Dull Jack and Jill
july 31, 2000. You can see it from blocks away —
the marquee of the Coronet Theater, mauve against the
pale blue sky. For more than 50 years, the
self-proclaimed "crown jewel of the Bay Area
entertainment sphere" has adorned the top of the
hill on Geary Boulevard. But now, the newspapers tell
us, the old jewel has lost her luster. She is to be
plucked from her setting and replaced by the Goldman
Institute on Aging.
Preservationists and powers-that-be
are upset about her impending demise. Supervisor Gavin
Newsom has called a special meeting of the Small
Business, Economic Vitality and Consumer Services
Committee for August 4, in an attempt to prevent the few
remaining single-screen theaters from sharing her fate.
The League of Historic American Theaters, meeting in San
Francisco this week, will tour her premises.
Indeed, the Coronet deserves a moment
of our attention. Built in 1949 as the "lucky
seventh" in Samuel H. Levin’s San Francisco
Theaters group, the theater originally accommodated
2,100 movie-goers in style: viewers enjoyed "more
leg room plus larger seats," reported the Examiner,
with a choice of "Venetian red plush-backed"
loges or "opalescent green rocking chair type"
seats. The auditorium boasted gold murals in Arthurian
motifs and three layers of curtains in gold, silver, and
burgundy. Elsewhere, concern for customers’ comfort
created a 400-car parking lot and "a women’s
powder room said to rank with I. Magnin’s and Seals
Stadium for artistic décor."
The first movie in November 1949 was
"I Was a Male War Bride," which had opened at
the Fox two weeks before. San Francisco movie maven Jack
Tillmany observes that "in the beginning, [the
Coronet’s] place in the order of things was sort of an
upgraded Coliseum, not the prestige house it later would
become." The change came quickly. On December 26,
1956, notes Tillmany, "‘Around the World in 80
Days’ opened at the Coronet and played a total of 94
weeks, closing on October 19, 1958, during which time it
played in no other theater in the San Francisco Bay
Area; this still stands as the longevity record for any
single film in any single theater" in the city. The
Chronicle’s Peter Stack adds that George Lucas
"includes the Coronet on his personal list of
places to see films."
In other words, this jewel on the hill
has served us long and well, and deserves our gratitude.
Some of the outcry over its demolition resembles a
campaign to turn an old workhorse out to pasture instead
of dooming it to the glue factory. Some expresses a
simple sorrow over the destruction of a once-beautiful
building. But some mourns the loss of a meaningful
element in people’s lives, and here the
preservationists may be barking up the wrong tree. Or
marquee.
Listen to people’s reminiscences
about movie-going. For many decades in San Francisco —
and the rest of the United States — the movie palace
took center stage in community life. Inexpensive and
local, it offered a safe place for children to amuse
themselves. Part of the childhood experience was the
kiddie matinee. Older kids used it as a place to
socialize and be socialized. Families out on the town
went to the movies as a matter of course. So did adults.

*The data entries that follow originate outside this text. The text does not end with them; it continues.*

lemma leading_term_graft_b: "leading_term (cons_child \<tau> t) (graft_b \<tau> t :: _ \<Rightarrow>\<^sub>0 'k::comm_semiring_1)"
proof (induction \<tau> t rule: graft_b.induct)
  case (1 \<tau> a ts)
  show ?case
  proof (cases "ts = []")
    case True
    then show ?thesis
      by (subst graft_b.simps) (simp add: leading_term_single)
  next
    case False
    define l t0 where "l = last ts" and "t0 = Node a (butlast ts)"
    have t: "Node a ts = butcher l t0"
      using False by (simp add: l_def t0_def)
    have IH_l: "leading_term (cons_child \<tau> l) (graft_b \<tau> l :: _ \<Rightarrow>\<^sub>0 'k)"
      using "1.IH"(1)[OF False] by (simp add: l_def)
    have IH_t0: "leading_term (cons_child \<tau> t0) (graft_b \<tau> t0 :: _ \<Rightarrow>\<^sub>0 'k)"
      using "1.IH"(2)[OF False] by (simp add: t0_def)
    have split: "graft_b \<tau> (Node a ts) =
        bdia (graft_b \<tau> l) (Poly_Mapping.single t0 1) + bdia (Poly_Mapping.single l 1) (graft_b \<tau> t0)"
      using False by (subst graft_b.simps) (simp add: l_def t0_def)
    (* the terms in which \<tau> is grafted inside the last child l rather than at the root *)
    have deeper_left: "deeper T (cons_child \<tau> (Node a ts))"
      if T: "T \<in> Poly_Mapping.keys (bdia (graft_b \<tau> l :: _ \<Rightarrow>\<^sub>0 'k) (Poly_Mapping.single t0 1))" for T
    proof -
      obtain S where S: "S \<in> Poly_Mapping.keys (graft_b \<tau> l :: _ \<Rightarrow>\<^sub>0 'k)" and T: "T = butcher S t0"
        using T keys_bdia by fastforce
      have "nverts S = nverts (cons_child \<tau> l)" "depth_sum (cons_child \<tau> l) \<le> depth_sum S"
        using S IH_l by (auto simp: leading_term_def deeper_def)
      then show ?thesis
        using nverts_pos[of \<tau>] by (simp add: T t deeper_def cons_child_butcher)
    qed
    have leading_right: "leading_term (cons_child \<tau> (Node a ts))
        (bdia (Poly_Mapping.single l 1) (graft_b \<tau> t0 :: _ \<Rightarrow>\<^sub>0 'k))"
      unfolding t cons_child_butcher by (rule leading_term_bdia_single[OF IH_t0])
    show ?thesis
      unfolding split by (intro leading_term_add_deeper leading_right ballI deeper_left)
  qed
qed
(* Every formula derivable in the axiomatic system HDML-AX described below is valid: for all HDML formulas $\varphi$, if $\vdash\varphi$ then $\varphi$ is true at every cell of every HDML model.
   Context: A cubical set consists of pairwise disjoint sets $Q_n$ ($n\in\mathbb N$), $Q=\bigcup_n Q_n$, and for $n\ge1$, $1\le i\le n$, maps $s_i,t_i:Q_n\to Q_{n-1}$ satisfying $\alpha_i\circ\beta_j=\beta_{j-1}\circ\alpha_i$ for $1\le i<j\le n$, $\alpha,\beta\in\{s,t\}$. An HDML model is $\mathcal H=(Q,\bar s,\bar t,l,V)$ with $l:Q_1\to\Sigma$ satisfying $l(s_i(q))=l(t_i(q))$ for $q\in Q_2$, $i\in\{1,2\}$, and $V:Q\to2^{AP}$. HDML formulas: $\varphi::=p\mid\bot\mid\varphi\to\varphi\mid\langle\mathsf s\rangle\varphi\mid\langle\mathsf t\rangle\varphi$ with standard Boolean abbreviations ($\neg,\top,\wedge,\vee,\leftrightarrow$), $[\mathsf s]\varphi:=\neg\langle\mathsf s\rangle\neg\varphi$, $[\mathsf t]\varphi:=\neg\langle\mathsf t\rangle\neg\varphi$, $\langle\mathsf t\rangle^0\varphi=\varphi$, $\langle\mathsf t\rangle^{i+1}\varphi=\langle\mathsf t\rangle\langle\mathsf t\rangle^{i}\varphi$. Satisfaction at $q\in Q_n$: $p$ iff $p\in V(q)$; $\bot$ never; $\to$ classical; $\langle\mathsf s\rangle\psi$ iff some $q'\in Q_{n+1}$ and $1\le i\le n+1$ have $s_i(q')=q$ and $q'\models\psi$; $\langle\mathsf t\rangle\psi$ iff some $1\le i\le n$ has $t_i(q)\models\psi$. For $i\ge1$, $\langle\mathsf t\rangle(i)$ denotes any formula $\bigwedge_{j=1}^{i}\langle\mathsf t\rangle\beta_j$ where $\beta_1,\dots,\beta_i$ are propositional formulas (over atomic propositions, $\bot$, $\to$) such that $\beta_j\wedge\beta_k$ is a propositional contradiction for $j\ne k$ (e.g. $\langle\mathsf t\rangle p\wedge\langle\mathsf t\rangle\neg p$ for $i=2$). The system HDML-AX has axioms: (A1) all instances of propositional tautologies; (A2) $\langle\mathsf s\rangle\bot\leftrightarrow\bot$ and $\langle\mathsf t\rangle\bot\leftrightarrow\bot$; (A3) $\langle\mathsf s\rangle(\varphi\vee\varphi')\leftrightarrow\langle\mathsf s\rangle\varphi\vee\langle\mathsf s\rangle\varphi'$ and the same for $\langle\mathsf t\rangle$; (A4) $[\mathsf s]\varphi\leftrightarrow\neg\langle\mathsf s\rangle\neg\varphi$ and $[\mathsf t]\varphi\leftrightarrow\neg\langle\mathsf t\rangle\neg\varphi$; (A5) $\langle\mathsf t\rangle(i)\to\langle\mathsf t\rangle^i\top$ for all $i\ge1$; (A6) $\langle\mathsf t\rangle^2\top\to(\langle\mathsf t\rangle[\mathsf t]\varphi\to[\mathsf t]\langle\mathsf t\rangle\varphi)$; (A7) $\langle\mathsf s\rangle[\mathsf t]\varphi\to[\mathsf t]\langle\mathsf s\rangle\varphi$ and $\langle\mathsf t\rangle[\mathsf s]\varphi\to[\mathsf s]\langle\mathsf t\rangle\varphi$; (A8) $\langle\mathsf s\rangle\langle\mathsf t\rangle^i\top\to[\mathsf s]\langle\mathsf t\rangle^i\top$ and $\langle\mathsf t\rangle\langle\mathsf t\rangle^i\top\to[\mathsf t]\langle\mathsf t\rangle^i\top$ for all $i\ge0$; (A9) $\langle\mathsf t\rangle^i\top\to[\mathsf s]\langle\mathsf t\rangle\langle\mathsf t\rangle^i\top$ and $\langle\mathsf s\rangle\langle\mathsf t\rangle\langle\mathsf t\rangle^i\top\to\langle\mathsf t\rangle^i\top$ for all $i\ge0$; (A10) $\langle\mathsf s\rangle\langle\mathsf s\rangle\langle\mathsf t\rangle\varphi\to\langle\mathsf s\rangle\langle\mathsf t\rangle\langle\mathsf s\rangle\varphi$ and $\langle\mathsf s\rangle\langle\mathsf t\rangle\langle\mathsf t\rangle\varphi\to\langle\mathsf t\rangle\langle\mathsf s\rangle\langle\mathsf t\rangle\varphi$. Rules: modus ponens; from $\varphi\to\varphi'$ infer $\langle\mathsf s\rangle\varphi\to\langle\mathsf s\rangle\varphi'$; from $\varphi\to\varphi'$ infer $\langle\mathsf t\rangle\varphi\to\langle\mathsf t\rangle\varphi'$; uniform substitution of formulas for atomic propositions. $\vdash\varphi$ means $\varphi$ is derivable. *)

theory Defs
  imports Main
begin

It’s easy to blame the decline of
movie attendance on the advent of television, the
monopolistic film distribution system, or the rise of
multiplexes. But the same thing has happened to bowling
alleys and skating rinks, which once served a similar
function in American family life. The Japantown Bowl is
only the latest casualty. They’re all disappearing.
The San Francisco phone book for 1949,
the year the Coronet opened, lists eight skating rinks,
including Winterland at Post and Steiner, "home of
the San Francisco Shamrocks, with hockey Wednesday and
Saturday nights"; today one rink in the city is
listed. In 1949 there were thirteen bowling alleys in
San Francisco; today most of the listings are for
facilities in Daly City. Thirty billiard parlors have
given way to ten.
What’s going on? The
"theater" listings offer a clue. In 1949 the
phone company lumped about 100 stage and screen
facilities together, with the movie theaters
predominating. Today movie listings, including porno
theaters, number about 30, while the number of
legitimate theaters has mushroomed. The message:
entertainment is for adults.
Just as the construction of live/work
lofts sends a signal of "No Children Wanted,"
so the organization of public leisure space says,
"Families Not Welcome." Particularly families
with little disposable income. How shortsighted to plan
for a city with no future! How suicidal! How boring.